Jackson__ · 3 months ago
This appears to be a classic vision fail on the VLM's part. Which is entirely unsurprising for anyone who has used open VLMs for anything except ""benchmarks"" in the past two god damn years. The field is in a truly embarrassing state, where they pride themselves how it can solve equations off a blackboard, yet couldn't even accurately read a d20 dice roll among many other things. I've tried (and failed) to have VLMs accurately caption images for such a long time, yet anytime I check on the output it is blindingly clear that these models are awful at actually _seeing things_.
Ianjit · 3 months ago
5-10 years and Radiologists will be out of a Job, just you wait and see.
throwaway13337 · 3 months ago
I don't think it was rigged.

Having claude run the browser and then take a screenshot to debug gives similar results. It's why doing so is useless even though it would be so very nice if it worked.

Somewhere in the pipeline, they get lazy or ahead of themselves and just interpret what they want to in the picture they see. They want to interpet something working and complete.
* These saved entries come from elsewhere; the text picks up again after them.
lemma valid_from_restrict_profile:
  assumes "valid_profile Pi VXs ownX EXs \<sigma>"
  shows "valid_from b v (restrict_profile \<sigma> b)"
  unfolding valid_from_def
proof (intro allI impI)
  fix h assume h: "histX (b @ h) \<and> h \<noteq> [] \<and> hd h = v"
  then have "ownX (last h) \<in> Pi" using histX_appendD histX_last_in_VX ownX_in_Pi by blast
  then show "(last h, restrict_profile \<sigma> b (ownX (last h)) h) \<in> EXs"
    using assms h unfolding valid_profile_def valid_strategy_def by (metis last_appendR restrict_profile_apply)
qed

lemma valid_from_deviation:
  assumes "valid_from b v \<sigma>" "valid_strategy VXs ownX EXs j \<tau>"
  shows "valid_from b v (\<sigma>(j := \<tau>))"
  using assms histX_appendD unfolding valid_from_def valid_strategy_def by fastforce


definition follows_except ::
    "'p \<Rightarrow> ('p \<Rightarrow> ('v \<times> 'p set) list \<Rightarrow> 'v \<times> 'p set) \<Rightarrow> ('v \<times> 'p set) list \<Rightarrow> (nat \<Rightarrow> 'v \<times> 'p set) \<Rightarrow> bool" where
  "follows_except j \<sigma> b \<rho> \<longleftrightarrow>
     (\<forall>m. ownX (\<rho> m) \<noteq> j \<longrightarrow> \<rho> (Suc m) = \<sigma> (ownX (\<rho> m)) (b @ map \<rho> [0..<Suc m]))"

lemma follows_except_deviation:
  "follows_except j \<sigma> b (outcome ownX ((restrict_profile \<sigma> b)(j := \<tau>)) v)"
  unfolding follows_except_def using outcome_Suc[of ownX "(restrict_profile \<sigma> b)(j := \<tau>)" v]
  by (simp del: upt_Suc)

lemma follows_except_suffix:
  assumes "follows_except j \<sigma> (butlast g) \<rho>" "g \<noteq> []" "\<rho> 0 = last g"
  shows "follows_except j \<sigma> g (suffix_play \<rho> 1)"
  unfolding follows_except_def
proof (intro allI impI)
  fix m assume "ownX (suffix_play \<rho> 1 m) \<noteq> j"
  then have step: "\<rho> (Suc (Suc m)) = \<sigma> (ownX (\<rho> (Suc m))) (butlast g @ map \<rho> [0..<Suc (Suc m)])"
    using assms(1) unfolding follows_except_def by (simp del: upt_Suc)
  have prefix: "butlast g @ map \<rho> [0..<Suc (Suc m)] = g @ map (suffix_play \<rho> 1) [0..<Suc m]"
    using map_upt_Suc_Suc[of \<rho> m] assms(2,3)
    by (metis append_Cons append_assoc self_append_conv2 append_butlast_last_id)
  have "suffix_play \<rho> 1 (Suc m) = \<rho> (Suc (Suc m))" "ownX (suffix_play \<rho> 1 m) = ownX (\<rho> (Suc m))"
    by simp_all
  then show "suffix_play \<rho> 1 (Suc m) = \<sigma> (ownX (suffix_play \<rho> 1 m)) (g @ map (suffix_play \<rho> 1) [0..<Suc m])"
    by (simp only: step prefix)
qed

end

section \<open>Subgame outcomes of equilibria are consistent\<close>

declare lam_seq.simps(2) [simp del]

context extended_game
begin

abbreviation "lseq J N k \<equiv> lam_seq Pi V owner E F J N k"

lemma lam_seq_Suc:
  "fst (lseq J N (Suc k)) = lam_update Pi V owner E F J N (snd (lseq J N k)) (fst (lseq J N k))"
  "snd (lseq J N (Suc k)) =
     (if fst (lseq J N (Suc k)) = fst (lseq J N k) \<and> 1 < snd (lseq J N k)
      then snd (lseq J N k) - 1 else snd (lseq J N k))"
  by (simp_all add: split_beta Let_def lam_seq.simps(2))

abbreviation subgame_outcome ::
    "('p \<Rightarrow> ('v \<times> 'p set) list \<Rightarrow> 'v \<times> 'p set) \<Rightarrow> ('v \<times> 'p set) list \<Rightarrow> nat \<Rightarrow> 'v \<times> 'p set" where
  "subgame_outcome \<sigma> g \<equiv> outcome ownX (restrict_profile \<sigma> (butlast g)) (last g)"

lemma subgame_outcomes_consistentI:
  assumes valid: "valid_profile Pi VXs ownX EXs \<sigma>"
    and root: "\<And>g. histX g \<Longrightarrow> hd g = u0 \<Longrightarrow> costX (ownX (last g)) (subgame_outcome \<sigma> g) \<le> lam (last g)"
    and g: "histX g" "hd g = u0"
  shows "subgame_outcome \<sigma> g \<in> consistent lam (last g)"
proof -
  let ?b = "butlast g" and ?\<rho> = "subgame_outcome \<sigma> g"
  have g_eq: "?b @ [last g] = g" using g by (simp add: is_hist_def)
  note outcome = outcome_valid_from[OF valid_from_restrict_profile[OF valid], of ?b "last g"]
  have "costX (ownX (?\<rho> n)) (suffix_play ?\<rho> n) \<le> lam (?\<rho> n)" for n
  proof -
    let ?g' = "?b @ map ?\<rho> [0..<Suc n]"
    have "histX ?g'" using outcome(2) g g_eq by simp
    moreover have "hd ?g' = u0"
    proof (cases "?b = []")
      case True
      then obtain x where "g = [x]" using g_eq by (metis append_Nil)
      then show ?thesis using g True by (simp del: upt_Suc add: hd_map hd_upt)
    next
      case False
      then show ?thesis using g g_eq by (metis hd_append2)
    qed
    moreover have "butlast ?g' = ?b @ map ?\<rho> [0..<n]" by (simp add: butlast_append)
    moreover have "suffix_play ?\<rho> n = outcome ownX (restrict_profile \<sigma> (?b @ map ?\<rho> [0..<n])) (?\<rho> n)"
      by (rule suffix_outcome_restrict_profile) simp
    ultimately show ?thesis using root[of ?g'] by simp
  qed
  moreover have "?\<rho> \<in> plays_from EXs (last g)" using outcome(1) g g_eq by simp
  ultimately show ?thesis by (simp add: Lam_def)
qed

text \<open>After its single deviation player i returns to \<sigma> i; the last branch only makes the
  strategy total.\<close>

definition one_shot_deviation ::
    "('p \<Rightarrow> ('v \<times> 'p set) list \<Rightarrow> 'v \<times> 'p set) \<Rightarrow> 'p \<Rightarrow> ('v \<times> 'p set) list
      \<Rightarrow> 'v \<times> 'p set \<Rightarrow> 'v \<times> 'p set \<Rightarrow> ('v \<times> 'p set) list \<Rightarrow> 'v \<times> 'p set" where
  "one_shot_deviation \<sigma> i b v u' h =
     (if h = [v] then u'
      else if histX (b @ h) \<and> h \<noteq> [] \<and> hd h = v then \<sigma> i (b @ h)
      else some_succ (last h))"

lemma valid_one_shot_deviation:
  assumes "valid_profile Pi VXs ownX EXs \<sigma>" "(v, u') \<in> EXs"
  shows "valid_strategy VXs ownX EXs i (one_shot_deviation \<sigma> i b v u')"
  unfolding valid_strategy_def
proof (intro allI impI)
  fix h assume h: "histX h \<and> ownX (last h) = i"
  have "(last h, restrict_profile \<sigma> b (ownX (last h)) h) \<in> EXs"
    if "histX (b @ h) \<and> h \<noteq> [] \<and> hd h = v"
    using valid_from_restrict_profile[OF assms(1)] that unfolding valid_from_def by blast
  then show "(last h, one_shot_deviation \<sigma> i b v u' h) \<in> EXs"
    using assms(2) h some_succ histX_last_in_VX by (auto simp: one_shot_deviation_def)
qed

lemma outcome_one_shot_deviation:
  assumes valid: "valid_profile Pi VXs ownX EXs \<sigma>" and g: "histX g" and e: "(last g, u') \<in> EXs"
    and i: "ownX (last g) = i"
  shows "outcome ownX ((restrict_profile \<sigma> (butlast g))(i := one_shot_deviation \<sigma> i (butlast g) (last g) u'))
           (last g)
         = cons_play (last g) (outcome ownX (restrict_profile \<sigma> g) u')"
proof (rule outcome_eqI)
  let ?b = "butlast g" and ?v = "last g"
  let ?\<rho> = "outcome ownX (restrict_profile \<sigma> g) u'"
  let ?\<sigma>' = "(restrict_profile \<sigma> ?b)(i := one_shot_deviation \<sigma> i ?b ?v u')"
  have g_eq: "g = ?b @ [?v]" using g by (simp add: is_hist_def)
  have "histX (g @ [u'])" using g e g_eq histX_snoc by (metis snoc_eq_iff_butlast)
  then have hist: "histX (g @ map ?\<rho> [0..<Suc m])" for m
    using outcome_valid_from(2)[OF valid_from_restrict_profile[OF valid]] by blast
  fix n
  show "cons_play ?v ?\<rho> (Suc n) = ?\<sigma>' (ownX (cons_play ?v ?\<rho> n)) (map (cons_play ?v ?\<rho>) [0..<Suc n])"
  proof (cases n)
    case 0
    then show ?thesis using i by (simp add: one_shot_deviation_def)
  next
    case (Suc m)
    have h: "map (cons_play ?v ?\<rho>) [0..<Suc n] = ?v # map ?\<rho> [0..<Suc m]"
      unfolding Suc by (rule map_cons_play)
    have g_h: "g @ map ?\<rho> [0..<Suc m] = ?b @ ?v # map ?\<rho> [0..<Suc m]"
      using g_eq by (metis append_Cons append_assoc self_append_conv2)
    have next_step: "?\<rho> (Suc m) = \<sigma> (ownX (?\<rho> m)) (?b @ ?v # map ?\<rho> [0..<Suc m])"
      using outcome_Suc[of ownX "restrict_profile \<sigma> g" u' m] by (simp only: restrict_profile_apply g_h)
    have "histX (?b @ ?v # map ?\<rho> [0..<Suc m])"
      using hist[of m] by (simp only: g_h)
    then have deviation: "one_shot_deviation \<sigma> i ?b ?v u' (?v # map ?\<rho> [0..<Suc m])
        = \<sigma> i (?b @ ?v # map ?\<rho> [0..<Suc m])"
      unfolding one_shot_deviation_def by (simp del: upt_Suc)
    show ?thesis
      unfolding Suc cons_play_Suc h[unfolded Suc] next_step
      using deviation by (cases "ownX (?\<rho> m) = i") simp_all
  qed
qed simp
(* The loss of information about the receiver's orientation due to the nuisance parameters is $$\mathbf G(\boldsymbol\Phi_U,\boldsymbol\Phi_U)=\sum_b\frac{\mathbf a_b\mathbf a_b^T}{\sum_{u,k}\mathrm{SNR}_{bu,k}\omega_{bU,k}}+\frac{\mathbf a_Q\mathbf a_Q^T}{\sum_{q,u,k}\mathrm{SNR}_{qu,k}\omega_{qU,k}},$$ where $\mathbf a_b=\sum_{k,u}\mathrm{SNR}_{bu,k}\,\omega_{bU,k}\nabla_{\boldsymbol\Phi_U}\tau_{bu,k}$ and $\mathbf a_Q=\sum_{q,k,u}\mathrm{SNR}_{qu,k}\,\omega_{qU,k}\nabla_{\boldsymbol\Phi_U}\tau_{qu,k}$.
   Context: System: $N_B$ single-antenna LEO satellites indexed by $b$, $N_Q$ mutually synchronized single-antenna base stations (BSs) indexed by $q$, and a receiver with $N_U$ antennas indexed by $u$; transmissions occur in $N_K$ slots indexed by $k$, spaced $\Delta_t$ apart; $c$ is the speed of light, $f_c$ the carrier frequency. Receiver antenna $u$ is at $\mathbf p_{u,k}=\mathbf p_{U,0}+k\Delta_t\mathbf v_{U,0}+\mathbf Q(\boldsymbol\Phi_U)\tilde{\mathbf s}_u$, with $\mathbf Q(\boldsymbol\Phi_U)$ the 3D rotation matrix for orientation angles $\boldsymbol\Phi_U=[\alpha_U,\psi_U,\varphi_U]^T$ and $\tilde{\mathbf s}_u$ a known offset. LEO $b$ has known nominal position/velocity $\mathbf p_{b,k},\mathbf v_{b,k}$ and unknown constant position offset $\check{\mathbf p}_{b,0}$ and velocity offset $\check{\mathbf v}_{b,0}$; BSs are static and known. $\boldsymbol\Delta_{xy,k}$ is the unit vector from entity $x$ to entity $y$ at slot $k$ ($U$: receiver centroid, $u$: antenna $u$). Channel parameters: LEO–receiver link: delays $\tau_{bu,k}$, Dopplers $\nu_{bU,k}=\boldsymbol\Delta_{bU,k}^T(\mathbf v_{b,k}+\check{\mathbf v}_{b,0}-\mathbf v_{U,0})/c$, gains, time offset $\delta_{bU}$, frequency offset $\epsilon_{bU}$; BS–receiver link: delays $\tau_{qu,k}$, Dopplers $\nu_{qU,k}=-\boldsymbol\Delta_{qU,k}^T\mathbf v_{U,0}/c$, gains, common offsets $\delta_{QU},\epsilon_{QU}$; LEO–BS link: delays $\tau_{bq,k}$, Dopplers $\nu_{bq,k}=\boldsymbol\Delta_{bq,k}^T(\mathbf v_{b,k}+\check{\mathbf v}_{b,0})/c$, gains, offsets $\delta_{bQ},\epsilon_{bQ}$. $\mathrm{SNR}_{bu,k},\mathrm{SNR}_{qu,k},\mathrm{SNR}_{bq,k}$ are the received SNRs; $\alpha_{obu,k},\alpha_{oqu,k},\alpha_{obq,k}$ the RMS time durations; $\alpha_{1x,k},\alpha_{2x,k}$ the effective baseband bandwidth and baseband–carrier correlation of transmitter $x$; $f_{obU,k}=f_c(1-\nu_{bU,k})+\epsilon_{bU}$, $f_{oqU,k}=f_c(1-\nu_{qU,k})+\epsilon_{QU}$, $f_{obq,k}=f_c(1-\nu_{bq,k})+\epsilon_{bQ}$, and $\omega_{bU,k}=\alpha_{1b,k}^2+2f_{obU,k}\alpha_{1b,k}\alpha_{2b,k}+f_{obU,k}^2$, $\omega_{qU,k}=\alpha_{1q,k}^2+2f_{oqU,k}\alpha_{1q,k}\alpha_{2q,k}+f_{oqU,k}^2$, $\omega_{bq,k}=\alpha_{1q,k}^2+2f_{obq,k}\alpha_{1q,k}\alpha_{2q,k}+f_{obq,k}^2$. Channel-parameter FIM (links mutually independent, contributions additive): each observation (antenna $u$, slot $k$, LEO $b$) contributes $F(\tau_{bu,k},\tau_{bu,k})=F(\delta_{bU},\delta_{bU})=-F(\tau_{bu,k},\delta_{bU})=\mathrm{SNR}_{bu,k}\omega_{bU,k}$, $F(\nu_{bU,k},\nu_{bU,k})=\tfrac12\mathrm{SNR}_{bu,k}f_c^2\alpha_{obu,k}^2$, $F(\nu_{bU,k},\epsilon_{bU})=-\tfrac12\mathrm{SNR}_{bu,k}f_c\alpha_{obu,k}^2$, $F(\epsilon_{bU},\epsilon_{bU})=\tfrac12\mathrm{SNR}_{bu,k}\alpha_{obu,k}^2$, a gain-only diagonal term, and all other entries zero; the BS–receiver (indices $qu,k$, offsets $\delta_{QU},\epsilon_{QU}$, $\omega_{qU,k},\alpha_{oqu,k}$) and LEO–BS (indices $bq,k$, offsets $\delta_{bQ},\epsilon_{bQ}$, $\omega_{bq,k},\alpha_{obq,k}$) links are analogous. Location FIM: $\mathbf J_{\boldsymbol\kappa}=\boldsymbol\Upsilon\mathbf J_{\boldsymbol\eta}\boldsymbol\Upsilon^T$ where $\boldsymbol\Upsilon$ is the Jacobian with nonzero derivatives $\nabla_{\mathbf p_{U,0}}\tau_{bu,k}=\boldsymbol\Delta_{bu,k}/c$, $\nabla_{\mathbf p_{U,0}}\tau_{qu,k}=\boldsymbol\Delta_{qu,k}/c$, $\nabla_{\check{\mathbf p}_{b,0}}\tau_{bu,k}=-\boldsymbol\Delta_{bu,k}/c$, $\nabla_{\check{\mathbf p}_{b,0}}\tau_{bq,k}=-\boldsymbol\Delta_{bq,k}/c$, $\nabla_{\mathbf v_{U,0}}\tau_{bu,k}=k\Delta_t\boldsymbol\Delta_{bu,k}/c$, $\nabla_{\mathbf v_{U,0}}\tau_{qu,k}=k\Delta_t\boldsymbol\Delta_{qu,k}/c$, $\nabla_{\check{\mathbf v}_{b,0}}\tau_{bu,k}=-k\Delta_t\boldsymbol\Delta_{bu,k}/c$, $\nabla_{\check{\mathbf v}_{b,0}}\tau_{bq,k}=-k\Delta_t\boldsymbol\Delta_{bq,k}/c$, $\nabla_{\mathbf v_{U,0}}\nu_{bU,k}=-\boldsymbol\Delta_{bU,k}/c$, $\nabla_{\mathbf v_{U,0}}\nu_{qU,k}=-\boldsymbol\Delta_{qU,k}/c$, $\nabla_{\check{\mathbf v}_{b,0}}\nu_{bU,k}=\boldsymbol\Delta_{bU,k}/c$, $\nabla_{\check{\mathbf v}_{b,0}}\nu_{bq,k}=\boldsymbol\Delta_{bq,k}/c$, $\nabla_{\boldsymbol\Phi_U}\tau_{xu,k}=\frac1c[\boldsymbol\Delta_{xu,k}^T\partial_{\alpha_U}\mathbf Q\tilde{\mathbf s}_u,\boldsymbol\Delta_{xu,k}^T\partial_{\psi_U}\mathbf Q\tilde{\mathbf s}_u,\boldsymbol\Delta_{xu,k}^T\partial_{\varphi_U}\mathbf Q\tilde{\mathbf s}_u]^T$ ($x\in\{b,q\}$), the Doppler position-gradients $\nabla_{\mathbf p_{U,0}}\nu_{bU,k},\nabla_{\mathbf p_{U,0}}\nu_{qU,k},\nabla_{\check{\mathbf p}_{b,0}}\nu_{bU,k},\nabla_{\check{\mathbf p}_{b,0}}\nu_{bq,k}$, and identity on gains and offsets. $\mathbf F(\mathbf x,\mathbf y)$ denotes the block of $\mathbf J_{\boldsymbol\kappa}$ for sub-vectors $\mathbf x,\mathbf y$. Information loss: split $\boldsymbol\kappa=(\boldsymbol\kappa_1,\boldsymbol\kappa_2)$ with $\boldsymbol\kappa_1=(\mathbf p_{U,0},\mathbf v_{U,0},\boldsymbol\Phi_U,\{\check{\mathbf p}_{b,0}\},\{\check{\mathbf v}_{b,0}\})$ and nuisance $\boldsymbol\kappa_2$ = all channel gains and all time/frequency offsets $\delta_{bU},\epsilon_{bU},\delta_{QU},\epsilon_{QU},\delta_{bQ},\epsilon_{bQ}$. The loss matrix is $\mathbf J^{nu}=\mathbf J_{\boldsymbol\kappa_1,\boldsymbol\kappa_2}\mathbf J_{\boldsymbol\kappa_2}^{-1}\mathbf J_{\boldsymbol\kappa_1,\boldsymbol\kappa_2}^T$ (so the equivalent FIM is $\mathbf J_{\boldsymbol\kappa_1}-\mathbf J^{nu}$), and $\mathbf G(\mathbf x,\mathbf y)$ denotes its block for sub-vectors $\mathbf x,\mathbf y$. *)

theory Defs
  imports "HOL-Analysis.Analysis"
begin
I can imagine it's related the same issue with LLMs pretending tests work when they don't. They're RL trained for a goal state and sometimes pretending they reached the goal works.

It wasn't the wifi - just genAI doing what it does.

dfedbeef · 3 months ago
For tiny stuff, they are incredible auto-complete tools. But they are basically cover bands. They can do things that have been done to death already. They're good for what they're good for. I wouldn't have bet the farm on them.
8note · 3 months ago
i have a lot of difficulty getting claude to understand arrows in pictures.